Advantages of linked structure:

  • If there are many common prefixes, the space they require is shared.
  • Immutable tries can share structure. Instead of updating a trie in place, you can build a new one that's different only along one branch, elsewhere pointing into the old trie. This can be useful for concurrency, multiple simultaneous versions of a table, etc.
  • An immutable trie is compressible. That is, it can share structure on the suffixes as well, by hash-consing.

Advantages of hashtables:

  • Everyone knows hashtables, right? Your system will already have a nice well-optimized implementation, faster than tries for most purposes.
  • Your keys need not have any special structure.
  • More space-efficient than the obvious linked trie structure (see comments below)

Everyone knows hash table and its uses but it is not exactly constant look up time , it depends on how big the hash table is , the computational complexity of the hash function.
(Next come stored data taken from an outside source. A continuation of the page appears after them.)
(* Let $T>0$, $\epsilon>0$, $\delta\in(0,1)$, and let $\mathcal{R}$ consist of $M=\frac{12T}{n\epsilon^2}\ln\frac{2n}{\delta}$ independently generated random RR sets. Then with probability at least $1-\delta$ the following hold for every node $u\in V$: (1) if $I_u\ge T$, then $n\,\mathcal{F_R}(u)\ge T-\frac{\epsilon n}{2}$; (2) if $I_u<T-\epsilon n$, then $n\,\mathcal{F_R}(u)<T-\frac{\epsilon n}{2}$.
   Context: $G=\langle V,E,w\rangle$ is a network with $n=|V|$ under the Linear Threshold or Independent Cascade model (given by its live-edge distribution: LT — each node $v$ independently selects at most one incoming live edge, $(u,v)$ with probability $w_{uv}/W_v$ where $W_v=w_v+\sum_{u}w_{uv}$ includes a self-weight $w_v$; IC — each edge $(u,v)$ is live independently with probability $w_{uv}$). The influence spread $I(S)$ is the expected number of nodes reachable from $S$ via live edges, and $I_u=I(\{u\})$. A random RR set is the set of nodes that can reach a uniformly random node $v\in V$ via live edges in a freshly sampled live-edge graph. $\mathcal{F_R}(u)$ is the fraction of RR sets in $\mathcal{R}$ that contain $u$. *)

theory Defs
  imports "HOL-Probability.Probability"
begin

(* Nodes have type 'a; the network's node set is a finite set V.
   A live-edge graph is a set of directed edges L :: ('a * 'a) set. *)

definition reach :: "'a set \<Rightarrow> ('a \<times> 'a) set \<Rightarrow> 'a set \<Rightarrow> 'a set" where
  "reach V L S = {v \<in> V. \<exists>u\<in>S. (u, v) \<in> L\<^sup>*}"

definition IC_dist :: "'a set \<Rightarrow> ('a \<Rightarrow> 'a \<Rightarrow> real) \<Rightarrow> ('a \<times> 'a) set pmf" where
  "IC_dist V w =
     map_pmf (\<lambda>f. {e \<in> {(u, v). u \<in> V \<and> v \<in> V \<and> u \<noteq> v}. f e})
       (Pi_pmf {(u, v). u \<in> V \<and> v \<in> V \<and> u \<noteq> v} False
          (\<lambda>(u, v). bernoulli_pmf (w u v)))"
Creating huge hash tables for efficient lookup is not an elegant solution in most of the industrial scenarios where even small latency/scalability matters (e.g.: high frequency trading). You have to care about the data structures to be optimized for space it takes up in memory too to reduce cache miss.

A very good example where trie better suits the requirements is messaging middleware . You have a million subscribers and publishers of messages to various categories (in JMS terms - Topics or exchanges) , in such cases if you want to filter out messages based on topics (which are actually strings) , you definitely do not want create hash table for the million subscriptions with million topics . A better approach is store the topics in trie , so when filtering is done based on topic match , its complexity is independent of number of topics/subscriptions/publishers (only depends on the length of string). I like it because you can be creative with this data structure to optimize space requirements and hence have lower cache miss.